+++ Given data +++
(* For all $\alpha\in\mathbb R$ and $\rho>1$, $$\lim_{n\to\infty}\max_{Q\in\mathcal P_n(\rho)}D_{\mathrm A}^{(\alpha)}(U_n\|Q)=\Delta(\alpha,\rho),$$ where $\Delta(\alpha,\rho)=\frac1{\alpha(\alpha-1)}\Big[\frac{((\rho^\alpha-1)/\alpha)^{\alpha}((\rho-\rho^\alpha)/(1-\alpha))^{1-\alpha}}{\rho-1}-1\Big]$ for $\alpha\notin\{0,1\}$ and $\Delta(1,\rho)=\Delta(0,\rho)=\frac{\rho\ln\rho}{\rho-1}-\ln\frac{e\rho\ln\rho}{\rho-1}$.
   Context: $\mathcal P_n(\rho)$: probability mass functions on $\{1,\dots,n\}$ with all masses positive and max/min mass ratio at most $\rho$; $U_n$ uniform on $\{1,\dots,n\}$. $D_{\mathrm A}^{(\alpha)}(P\|Q)=\sum_xQ(x)u_\alpha(P(x)/Q(x))$ with $u_\alpha(t)=\frac{t^\alpha-\alpha(t-1)-1}{\alpha(\alpha-1)}$ ($\alpha\notin\{0,1\}$), $u_1(t)=t\ln t+1-t$, $u_0(t)=-\ln t$. *)

theory Defs
  imports Complex_Main
begin

definition Pn :: "nat \<Rightarrow> real \<Rightarrow> (nat \<Rightarrow> real) set" where
  "Pn n \<rho> = {Q. (\<forall>x\<in>{1..n}. Q x > 0) \<and> (\<forall>x. x \<notin> {1..n} \<longrightarrow> Q x = 0)
       \<and> (\<Sum>x\<in>{1..n}. Q x) = 1
       \<and> Max (Q ` {1..n}) / Min (Q ` {1..n}) \<le> \<rho>}"

definition U_unif :: "nat \<Rightarrow> nat \<Rightarrow> real" where
  "U_unif n = (\<lambda>x. if x \<in> {1..n} then 1 / real n else 0)"

definition u_alpha :: "real \<Rightarrow> real \<Rightarrow> real" where
  "u_alpha \<alpha> t =
     (if \<alpha> = 0 then - ln t
      else if \<alpha> = 1 then t * ln t + 1 - t
      else (t powr \<alpha> - \<alpha> * (t - 1) - 1) / (\<alpha> * (\<alpha> - 1)))"

definition DA :: "real \<Rightarrow> nat \<Rightarrow> (nat \<Rightarrow> real) \<Rightarrow> (nat \<Rightarrow> real) \<Rightarrow> real" where
  "DA \<alpha> n P Q = (\<Sum>x\<in>{1..n}. Q x * u_alpha \<alpha> (P x / Q x))"

definition Delta :: "real \<Rightarrow> real \<Rightarrow> real" where
  "Delta \<alpha> \<rho> =
     (if \<alpha> = 0 \<or> \<alpha> = 1 then \<rho> * ln \<rho> / (\<rho> - 1) - ln (exp 1 * \<rho> * ln \<rho> / (\<rho> - 1))
      else (1 / (\<alpha> * (\<alpha> - 1))) *
        ((((\<rho> powr \<alpha> - 1) / \<alpha>) powr \<alpha> * ((\<rho> - \<rho> powr \<alpha>) / (1 - \<alpha>)) powr (1 - \<alpha>))
           / (\<rho> - 1) - 1))"

end

theory Submission
  imports Defs "HOL-Analysis.Analysis"
begin
(* Let $f$ be a maximal coupling function for the kernel $p$ on the alphabet $G$, $\mathbf{U}=\{U_i\}_{i\in\mathbf{Z}}$ i.i.d. uniform on $[0,1)$, and let $A_h$ and $K'$ be as defined below. Put $K'_j=\inf\{m\in\mathbf{N}:U_j<A_m(U_{j-1},\dots,U_{j-m})\}$ for $j\in\mathbf{Z}$, $\tau^{\mathbf{K}'}_n=\sup\{s\le n:K'_j\le j-s\ \text{for all } s\le j\le n\}$, and $R^{\mathbf{K}'}_0=\{\tau^{\mathbf{K}'}_n\ge0\ \text{for all } n\in\mathbf{N}\}$. If $$\prod_{h=0}^{\infty}A_h(U_{h-1},\dots,U_0)^{-1}\in\mathcal{L}^1,$$ then $P(R^{\mathbf{K}'}_0)>0$.
   Context: $G$ finite or countable; histories $\mathbf{w}=(w_{-1},w_{-2},\dots)\in G^{-\mathbf{N}^*}$; kernel $p(g|\mathbf{w})$ measurable in $\mathbf{w}$, summing to 1 over $g$. Admissible histories $\mathcal{H}$: a letter $g$ is forbidden if $p(g|\mathbf{w})=0$ for all $\mathbf{w}$; a word $(s_0,\dots,s_{-n})$ is forbidden if $(s_{-1},\dots,s_{-n})$ is forbidden or $p(s_0|\mathbf{w})=0$ for all histories beginning with $(s_{-1},\dots,s_{-n})$; $\mathbf{w}\in\mathcal{H}$ iff no initial word $(w_{-1},\dots,w_{-n})$ is forbidden. Maximal coupling function: $a_0(g)=\inf\{p(g|\mathbf{z}):\mathbf{z}\in\mathcal{H}\}$; for $k\ge1$, $a_k(g|w_{-1},\dots,w_{-k})=\inf\{p(g|\mathbf{z}):\mathbf{z}\in\mathcal{H},(z_{-1},\dots,z_{-k})=(w_{-1},\dots,w_{-k})\}$; $b_k=a_k-a_{k-1}$ (with $a_{-1}\equiv0$); $a_k(w_{-1},\dots,w_{-k})=\sum_ga_k(g|w_{-1},\dots,w_{-k})$, $a_0=\sum_ga_0(g)$. It is assumed that $a_k(w_{-1},\dots,w_{-k})\uparrow1$ for every $\mathbf{w}\in\mathcal{H}$. The interval $[a_{k-1}(w_{-1},\dots,w_{-k+1}),a_k(w_{-1},\dots,w_{-k}))$ is partitioned into subintervals $B_k(g|w_{-1},\dots,w_{-k})$ of length $b_k(g|w_{-1},\dots,w_{-k})$, $g\in G$ (for $k=0$, $[0,a_0)$ is partitioned into $B_0(g)$ of length $a_0(g)$), and $f(u|\mathbf{w})=g$ on $\bigcup_kB_k(g|w_{-1},\dots,w_{-k})$. $A_0=a_0$; for $h\ge1$ and $(u_1,\dots,u_h)\in[0,1)^h$, $A_h(u_1,\dots,u_h)=\inf\{a_h(w_{-1},\dots,w_{-h}):\mathbf{w}\in J_h(u_1,\dots,u_h)\}$ where $J_h(u_1,\dots,u_h)=\{\mathbf{w}\in\mathcal{H}:w_{-k}=g \text{ whenever } u_k\in B_0(g),\ g\in G,\ 1\le k\le h\}$. Thus $A_h(U_{h-1},\dots,U_0)$ is $A_h$ evaluated at $(u_1,\dots,u_h)=(U_{h-1},\dots,U_0)$. *)

theory Defs
  imports "HOL-Probability.Probability"
begin
lemma trichotomy_of_power2_bounds:
  fixes D q r :: real and n :: nat
  defines "\<rho> \<equiv> (real n + 1) / 12" and "\<sigma> \<equiv> real n * q\<^sup>2 * (r\<^sup>2 + ((real n)\<^sup>2 - 1) / 12)"
    and "x \<equiv> (real n * q * r)\<^sup>2"
  assumes "n \<ge> 2" "q > 0" "D \<ge> 0"
    and general: "D\<^sup>2 \<le> \<sigma> ^ n"
    and refined: "\<sigma> \<le> x \<Longrightarrow> D\<^sup>2 \<le> x * ((real n * \<sigma> - x) / real (n - 1)) ^ (n - 1)"
  shows "(r\<^sup>2 < \<rho> \<longrightarrow> D \<le> \<sigma> powr (real n / 2))
    \<and> (r\<^sup>2 = \<rho> \<longrightarrow> D \<le> real n ^ n * q ^ n * \<bar>r\<bar> * \<rho> powr ((real n - 1) / 2)
        \<and> real n ^ n * q ^ n * \<bar>r\<bar> * \<rho> powr ((real n - 1) / 2) = \<sigma> powr (real n / 2))
    \<and> (r\<^sup>2 > \<rho> \<longrightarrow> D \<le> real n ^ n * q ^ n * \<bar>r\<bar> * \<rho> powr ((real n - 1) / 2)
        \<and> real n ^ n * q ^ n * \<bar>r\<bar> * \<rho> powr ((real n - 1) / 2) < \<sigma> powr (real n / 2))"
    (is "_ \<and> (_ \<longrightarrow> D \<le> ?B \<and> _) \<and> _")
proof -
  define B where "B = ?B"
  define m where "m = n - 1"
  have m: "m \<ge> 1" "real m = real n - 1" "n = Suc m"
    using \<open>n \<ge> 2\<close> by (auto simp: m_def)
  have "\<rho> > 0"
    by (simp add: \<rho>_def)
  have "(real n)\<^sup>2 > 1"
    using \<open>n \<ge> 2\<close> by simp
  then have "\<sigma> > 0"
    unfolding \<sigma>_def using assms(4,5) by (intro mult_pos_pos add_nonneg_pos) auto
  have \<sigma>_powr: "(\<sigma> powr (real n / 2))\<^sup>2 = \<sigma> ^ n"
    using \<open>\<sigma> > 0\<close> by (simp add: power2_powr_half powr_realpow)
  have rest: "(real n * \<sigma> - x) / m = (real n)\<^sup>2 * q\<^sup>2 * \<rho>"
    using m by (simp add: \<sigma>_def x_def \<rho>_def field_simps power2_eq_square)
  have B_power2: "B\<^sup>2 = x * ((real n * \<sigma> - x) / m) ^ m"
  proof -
    have power_n: "(a ^ n)\<^sup>2 = a\<^sup>2 * (a\<^sup>2) ^ m" for a :: real
      unfolding m(3) by (metis power_Suc power_mult mult.commute)
    have "(\<rho> powr ((real n - 1) / 2))\<^sup>2 = \<rho> ^ m"
      using \<open>\<rho> > 0\<close> m by (simp add: power2_powr_half powr_realpow)
    then have "B\<^sup>2 = x * ((real n)\<^sup>2 * q\<^sup>2 * \<rho>) ^ m"
      by (simp add: B_def x_def power_mult_distrib power_n)
    then show ?thesis
      by (simp only: rest)
  qed
  have "B \<ge> 0"
    using \<open>q > 0\<close> by (simp add: B_def)
  have \<sigma>_value: "\<sigma> * ((real n * \<sigma> - \<sigma>) / m) ^ m = \<sigma> ^ n"
    using m by (simp add: field_simps)
  have x_minus_\<sigma>: "x - \<sigma> = real n * q\<^sup>2 * (real n - 1) * (r\<^sup>2 - \<rho>)"
    by (simp add: x_def \<sigma>_def \<rho>_def field_simps power2_eq_square)
  have "0 < (real n * \<sigma> - x) / m"
    unfolding rest using \<open>\<rho> > 0\<close> \<open>q > 0\<close> \<open>n \<ge> 2\<close> by simp
  then have "x \<le> real n * \<sigma>"
    by (simp add: zero_less_divide_iff)
  have D_le_B: "D \<le> B" if "\<sigma> \<le> x"
  proof (rule power2_le_imp_le[OF _ \<open>B \<ge> 0\<close>])
    show "D\<^sup>2 \<le> B\<^sup>2"
      using refined[OF that] by (simp only: B_power2 m_def)
  qed
  show ?thesis
    unfolding B_def[symmetric]
  proof (intro conjI impI)
    have "D\<^sup>2 \<le> (\<sigma> powr (real n / 2))\<^sup>2"
      unfolding \<sigma>_powr by (rule general)
    then show "D \<le> \<sigma> powr (real n / 2)"
      by (rule power2_le_imp_le) simp
  next
    assume "r\<^sup>2 = \<rho>"
    then have "x = \<sigma>"
      using x_minus_\<sigma> by simp
    then show "D \<le> B"
      by (intro D_le_B) simp
    have "B\<^sup>2 = (\<sigma> powr (real n / 2))\<^sup>2"
      using B_power2 unfolding \<open>x = \<sigma>\<close> \<sigma>_value \<sigma>_powr .
    then show "B = \<sigma> powr (real n / 2)"
      using \<open>B \<ge> 0\<close> by (rule power2_eq_imp_eq) simp
  next
    assume "r\<^sup>2 > \<rho>"
    then have "0 < real n * q\<^sup>2 * (real n - 1) * (r\<^sup>2 - \<rho>)"
      using \<open>n \<ge> 2\<close> \<open>q > 0\<close> by (intro mult_pos_pos) auto
    then have "\<sigma> < x"
      using x_minus_\<sigma> by linarith
    then show "D \<le> B"
      by (intro D_le_B) simp
    have "real n * \<sigma> \<le> (real m + 1) * \<sigma>"
      using m(2) by simp
    then have "x * ((real n * \<sigma> - x) / m) ^ m < \<sigma> * ((real n * \<sigma> - \<sigma>) / m) ^ m"
      using \<open>\<sigma> < x\<close> \<open>x \<le> real n * \<sigma>\<close> by (intro mult_power_strict_antimono m(1))
    then have "B\<^sup>2 < (\<sigma> powr (real n / 2))\<^sup>2"
      using B_power2 \<sigma>_value \<sigma>_powr by simp
    then show "B < \<sigma> powr (real n / 2)"
      by (rule power_less_imp_less_base) simp
  qed
qed
(* Let $0<c<1$, let $K=\mathbb{C}(\lambda,\sqrt{1-c^2\lambda})$ and consider the Legendre elliptic curve $L_\lambda: Y^2=X(X-1)(X-\lambda)$ over $K$. Then the point $$B(\lambda)=\left(\frac{(1-c^2)\lambda}{1-c^2\lambda},\ \frac{c\sqrt{1-c^2}\,\lambda(1-\lambda)}{(1-c^2\lambda)\sqrt{1-c^2\lambda}}\right)\in L_\lambda(K)$$ (the billiard section) is not a torsion point of $L_\lambda(K)$.
   Context: This section encodes the billiard map of the elliptical billiard $x^2+y^2/(1-c^2)=1$ (foci $(\pm c,0)$) on the caustic with parameter $s=c^2\lambda$, transported to the Legendre model. *)

theory Defs
  imports Complex_Main "HOL-Computational_Algebra.Polynomial" "HOL-Computational_Algebra.Fraction_Field"
begin

text \<open>Points of a Weierstrass curve y^2 = x^3 + a2 x^2 + a4 x + a6 over a field:
  None is the point at infinity O, Some (x,y) an affine point.\<close>

definition on_curve :: "'a::field \<Rightarrow> 'a \<Rightarrow> 'a \<Rightarrow> ('a \<times> 'a) option \<Rightarrow> bool" where
  "on_curve a2 a4 a6 P = (case P of None \<Rightarrow> True
     | Some (x, y) \<Rightarrow> y^2 = x^3 + a2 * x^2 + a4 * x + a6)"

text \<open>Chord-tangent group law (valid for points on the curve, char not 2).\<close>
definition ec_add :: "'a::field \<Rightarrow> 'a \<Rightarrow> 'a \<Rightarrow> ('a \<times> 'a) option \<Rightarrow> ('a \<times> 'a) option \<Rightarrow> ('a \<times> 'a) option" where
  "ec_add a2 a4 a6 P Q = (case P of None \<Rightarrow> Q | Some (x1, y1) \<Rightarrow>
     (case Q of None \<Rightarrow> P | Some (x2, y2) \<Rightarrow>
       (if x1 = x2 \<and> y1 + y2 = 0 then None
        else let l = (if x1 = x2 then (3 * x1^2 + 2 * a2 * x1 + a4) / (2 * y1)
                      else (y2 - y1) / (x2 - x1));
                 x3 = l^2 - a2 - x1 - x2
             in Some (x3, - (y1 + l * (x3 - x1))))))"

fun ec_mult :: "'a::field \<Rightarrow> 'a \<Rightarrow> 'a \<Rightarrow> nat \<Rightarrow> ('a \<times> 'a) option \<Rightarrow> ('a \<times> 'a) option" where
  "ec_mult a2 a4 a6 0 P = None"
| "ec_mult a2 a4 a6 (Suc n) P = ec_add a2 a4 a6 P (ec_mult a2 a4 a6 n P)"

definition ec_torsion :: "'a::field \<Rightarrow> 'a \<Rightarrow> 'a \<Rightarrow> ('a \<times> 'a) option \<Rightarrow> bool" where
  "ec_torsion a2 a4 a6 P = (\<exists>n>0. ec_mult a2 a4 a6 n P = None)"

text \<open>The field K = C(lambda, sqrt(1 - c^2 lambda)) is modelled as the rational function
  field C(t) (type complex poly fract), with t = sqrt(1 - c^2 lambda) and
  lambda = (1 - t^2)/c^2.\<close>

definition K_const :: "complex \<Rightarrow> complex poly fract" where
  "K_const a = Fract [:a:] 1"

definition K_sqrt :: "complex poly fract" where
  "K_sqrt = Fract [:0, 1:] 1"

definition K_lambda :: "real \<Rightarrow> complex poly fract" where
  "K_lambda c = (1 - K_sqrt^2) / K_const (complex_of_real (c^2))"

text \<open>Legendre curve Y^2 = X(X-1)(X-lambda) = X^3 - (1+lambda) X^2 + lambda X.\<close>
definition leg_a2 :: "real \<Rightarrow> complex poly fract" where
  "leg_a2 c = - (1 + K_lambda c)"
definition leg_a4 :: "real \<Rightarrow> complex poly fract" where
  "leg_a4 c = K_lambda c"

definition billiard_B :: "real \<Rightarrow> (complex poly fract \<times> complex poly fract) option" where
  "billiard_B c = (let lam = K_lambda c; cc = K_const (complex_of_real c);
      s = K_const (complex_of_real (sqrt (1 - c^2))); d = 1 - cc^2 * lam in
    Some ((1 - cc^2) * lam / d, cc * s * lam * (1 - lam) / (d * K_sqrt)))"

end

(*
  Expand everything at the place t = 0 of K = C(t), t = sqrt(1 - c^2 lambda), i.e. embed K into
  the Laurent series field C((t)). There the Legendre coefficients are integral, and in the local
  parameter z = x/y, w = 1/y at the point at infinity the billiard point B has ord z = 1 and
  ord w >= 3: B lies in the formal group of the curve. On the formal group the chord-tangent law
  is additive to first order, z(P + Q) = z(P) + z(Q) mod t^3, so the t-coefficient of z(nB) is
  n times that of z(B). In characteristic 0 this is never zero, hence nB is never the point at
  infinity.
*)

theory Submission
  imports Defs "HOL-Computational_Algebra.Formal_Laurent_Series"
begin

unbundle fps_syntax

section \<open>Field embeddings transport the group law\<close>

locale field_embedding =
  fixes h :: "'a::field \<Rightarrow> 'b::field"
  assumes hom_add: "h (x + y) = h x + h y"
    and hom_mult: "h (x * y) = h x * h y"
    and hom_one: "h 1 = 1"
    and inj_hom: "inj h"
begin

lemma hom_zero: "h 0 = 0"
proof -
  have "h 0 + h 0 = h 0 + 0"
    using hom_add[of 0 0] by simp
  then show ?thesis
    by (simp only: add_left_cancel)
qed

lemma hom_uminus: "h (- x) = - h x"
proof -
  have "h x + h (- x) = 0"
    using hom_add[of x "- x"] by (simp add: hom_zero)
  then show ?thesis
    by (simp add: add.inverse_unique)
qed

lemma hom_diff: "h (x - y) = h x - h y"
  using hom_add[of x "- y"] by (simp add: hom_uminus)

lemma hom_eq_iff: "h x = h y \<longleftrightarrow> x = y"
  using inj_hom by (rule inj_eq)

lemma hom_inverse: "h (inverse x) = inverse (h x)"
proof (cases "x = 0")
  case False
  then have "h x * h (inverse x) = 1"
    by (simp flip: hom_mult add: hom_one)
  then show ?thesis
    by (simp add: inverse_unique)
qed (simp add: hom_zero)

lemma hom_divide: "h (x / y) = h x / h y"
  by (simp add: divide_inverse hom_mult hom_inverse)

lemma hom_power: "h (x ^ n) = h x ^ n"
  by (induction n) (simp_all add: hom_one hom_mult)

lemma hom_of_nat: "h (of_nat n) = of_nat n"
  by (induction n) (simp_all add: hom_zero hom_one hom_add)

lemma hom_numeral: "h (numeral n) = numeral n"
  using hom_of_nat[of "numeral n"] by simp

lemmas hom_simps = hom_add hom_mult hom_one hom_zero hom_uminus hom_diff hom_divide
  hom_power hom_numeral hom_eq_iff

abbreviation map_point :: "('a \<times> 'a) option \<Rightarrow> ('b \<times> 'b) option" where
  "map_point \<equiv> map_option (map_prod h h)"

lemma on_curve_map_point:
  "on_curve (h a2) (h a4) (h a6) (map_point P) \<longleftrightarrow> on_curve a2 a4 a6 P"
proof (cases P)
  case (Some p)
  obtain x y where p: "p = (x, y)"
    by fastforce
  have "h y ^ 2 = h x ^ 3 + h a2 * h x ^ 2 + h a4 * h x + h a6 \<longleftrightarrow>
        h (y ^ 2) = h (x ^ 3 + a2 * x ^ 2 + a4 * x + a6)"
    by (simp only: hom_add hom_mult hom_power)
  then show ?thesis
    by (simp add: on_curve_def Some p hom_eq_iff)
qed (simp add: on_curve_def)

lemma ec_add_map_point:
  "map_point (ec_add a2 a4 a6 P Q) = ec_add (h a2) (h a4) (h a6) (map_point P) (map_point Q)"
proof (cases "P = None \<or> Q = None")
  case False
  then obtain x1 y1 x2 y2 where P: "P = Some (x1, y1)" and Q: "Q = Some (x2, y2)"
    by auto
  have "h y1 + h y2 = 0 \<longleftrightarrow> h (y1 + y2) = h 0"
    by (simp only: hom_add hom_zero)
  also have "\<dots> \<longleftrightarrow> y1 + y2 = 0"
    by (rule hom_eq_iff)
  finally have sum_zero: "h y1 + h y2 = 0 \<longleftrightarrow> y1 + y2 = 0" .
  then have opposite: "h x1 = h x2 \<and> h y1 + h y2 = 0 \<longleftrightarrow> x1 = x2 \<and> y1 + y2 = 0"
    using hom_eq_iff by blast
  show ?thesis
    unfolding P Q ec_add_def by (simp add: opposite sum_zero Let_def hom_simps)
qed (auto simp: ec_add_def split: option.split)

lemma ec_mult_map_point:
  "map_point (ec_mult a2 a4 a6 n P) = ec_mult (h a2) (h a4) (h a6) n (map_point P)"
  by (induction n) (simp_all add: ec_add_map_point)

lemma ec_torsion_map_point:
  "ec_torsion (h a2) (h a4) (h a6) (map_point P) \<longleftrightarrow> ec_torsion a2 a4 a6 P"
  by (simp add: ec_torsion_def flip: ec_mult_map_point)

end

section \<open>Expansion of rational functions into Laurent series\<close>

definition poly_to_fls :: "'a::field poly \<Rightarrow> 'a fls" where
  "poly_to_fls p = fps_to_fls (fps_of_poly p)"

lemma poly_to_fls_add: "poly_to_fls (p + q) = poly_to_fls p + poly_to_fls q"
  by (simp add: poly_to_fls_def fps_of_poly_add)

lemma poly_to_fls_mult: "poly_to_fls (p * q) = poly_to_fls p * poly_to_fls q"
  by (simp add: poly_to_fls_def fps_of_poly_mult fls_times_fps_to_fls)

lemma poly_to_fls_eq_iff: "poly_to_fls p = poly_to_fls q \<longleftrightarrow> p = q"
  by (simp add: poly_to_fls_def fps_of_poly_eq_iff)

lemma poly_to_fls_eq_0_iff [simp]: "poly_to_fls p = 0 \<longleftrightarrow> p = 0"
  using poly_to_fls_eq_iff[of p 0] by (simp add: poly_to_fls_def)

lift_definition fract_to_fls :: "'a::field poly fract \<Rightarrow> 'a fls"
  is "\<lambda>(p, q). poly_to_fls p / poly_to_fls q"
proof clarsimp
  fix p q p' q' :: "'a poly"
  assume "q \<noteq> 0" "q' \<noteq> 0" "p * q' = p' * q"
  then show "poly_to_fls p / poly_to_fls q = poly_to_fls p' / poly_to_fls q'"
    by (simp add: frac_eq_eq flip: poly_to_fls_mult)
qed

lemma fract_to_fls_Fract: "q \<noteq> 0 \<Longrightarrow> fract_to_fls (Fract p q) = poly_to_fls p / poly_to_fls q"
  by transfer simp

lemma fract_to_fls_add: "fract_to_fls (x + y) = fract_to_fls x + fract_to_fls y"
proof (cases x, cases y)
  fix p q p' q' assume x: "x = Fract p q" "q \<noteq> 0" and y: "y = Fract p' q'" "q' \<noteq> 0"
  then have "fract_to_fls (x + y) = poly_to_fls (p * q' + p' * q) / poly_to_fls (q * q')"
    by (simp add: fract_to_fls_Fract)
  also have "\<dots> = fract_to_fls x + fract_to_fls y"
    using x y by (simp add: fract_to_fls_Fract poly_to_fls_add poly_to_fls_mult add_frac_eq)
  finally show ?thesis .
qed

lemma fract_to_fls_mult: "fract_to_fls (x * y) = fract_to_fls x * fract_to_fls y"
  by (cases x, cases y) (simp add: fract_to_fls_Fract poly_to_fls_mult)

lemma fract_to_fls_one: "fract_to_fls 1 = 1"
  by (simp add: One_fract_def fract_to_fls_Fract poly_to_fls_def)

lemma inj_fract_to_fls: "inj fract_to_fls"
proof (rule injI)
  fix x y :: "'a::field poly fract"
  assume "fract_to_fls x = fract_to_fls y"
  then show "x = y"
    by (cases x, cases y)
      (simp add: fract_to_fls_Fract eq_fract frac_eq_eq poly_to_fls_eq_iff flip: poly_to_fls_mult)
qed

interpretation fract_to_fls: field_embedding fract_to_fls
  by unfold_locales
    (simp_all add: fract_to_fls_add fract_to_fls_mult fract_to_fls_one inj_fract_to_fls)

section \<open>Orders of Laurent series\<close>

definition subdegree_ge :: "'a::field fls \<Rightarrow> int \<Rightarrow> bool" where
  "subdegree_ge f k \<longleftrightarrow> (\<forall>n<k. f $$ n = 0)"

lemma subdegree_ge_nth: "subdegree_ge f k \<Longrightarrow> n < k \<Longrightarrow> f $$ n = 0"
  by (simp add: subdegree_ge_def)

lemma subdegree_ge_iff: "f \<noteq> 0 \<Longrightarrow> subdegree_ge f k \<longleftrightarrow> k \<le> fls_subdegree f"
  unfolding subdegree_ge_def
  by (metis fls_subdegree_leI linorder_not_le nth_fls_subdegree_nonzero order_less_le_trans)

lemma subdegree_ge_mono: "subdegree_ge f k \<Longrightarrow> m \<le> k \<Longrightarrow> subdegree_ge f m"
  by (simp add: subdegree_ge_def)

lemma subdegree_ge_0 [simp]: "subdegree_ge 0 k"
  and subdegree_ge_1 [simp]: "subdegree_ge 1 0"
  and subdegree_ge_const [simp]: "subdegree_ge (fls_const c) 0"
  and subdegree_ge_numeral [simp]: "subdegree_ge (numeral m) 0"
  and subdegree_ge_X [simp]: "subdegree_ge fls_X 1"
  and subdegree_ge_uminus_iff [simp]: "subdegree_ge (- f) k \<longleftrightarrow> subdegree_ge f k"
  by (simp_all add: subdegree_ge_def)

lemma subdegree_ge_add: "subdegree_ge f k \<Longrightarrow> subdegree_ge g k \<Longrightarrow> subdegree_ge (f + g) k"
  and subdegree_ge_diff: "subdegree_ge f k \<Longrightarrow> subdegree_ge g k \<Longrightarrow> subdegree_ge (f - g) k"
  by (simp_all add: subdegree_ge_def)

lemma subdegree_ge_mult:
  assumes "subdegree_ge f k" "subdegree_ge g m"
  shows "subdegree_ge (f * g) (k + m)"
proof (cases "f = 0 \<or> g = 0")
  case False
  then have "k \<le> fls_subdegree f" "m \<le> fls_subdegree g"
    using assms subdegree_ge_iff by auto
  then show ?thesis
    unfolding subdegree_ge_def by (intro allI impI fls_times_nth_eq0) simp
qed auto

lemma subdegree_ge_power: "subdegree_ge f k \<Longrightarrow> subdegree_ge (f ^ n) (int n * k)"
proof (induction n)
  case (Suc n)
  then have "subdegree_ge (f * f ^ n) (k + int n * k)"
    by (intro subdegree_ge_mult)
  then show ?case
    by (simp add: algebra_simps)
qed simp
+++
> How to complete this task: Your answer must consist solely of the lines above between the line holding "in Some (x3, - (y1" and the line holding "a2 a4 a6 0 P", inclusive, copied exactly.

> Answer space:
             in Some (x3, - (y1 + l * (x3 - x1))))))"

fun ec_mult :: "'a::field \<Rightarrow> 'a \<Rightarrow> 'a \<Rightarrow> nat \<Rightarrow> ('a \<times> 'a) option \<Rightarrow> ('a \<times> 'a) option" where
  "ec_mult a2 a4 a6 0 P = None"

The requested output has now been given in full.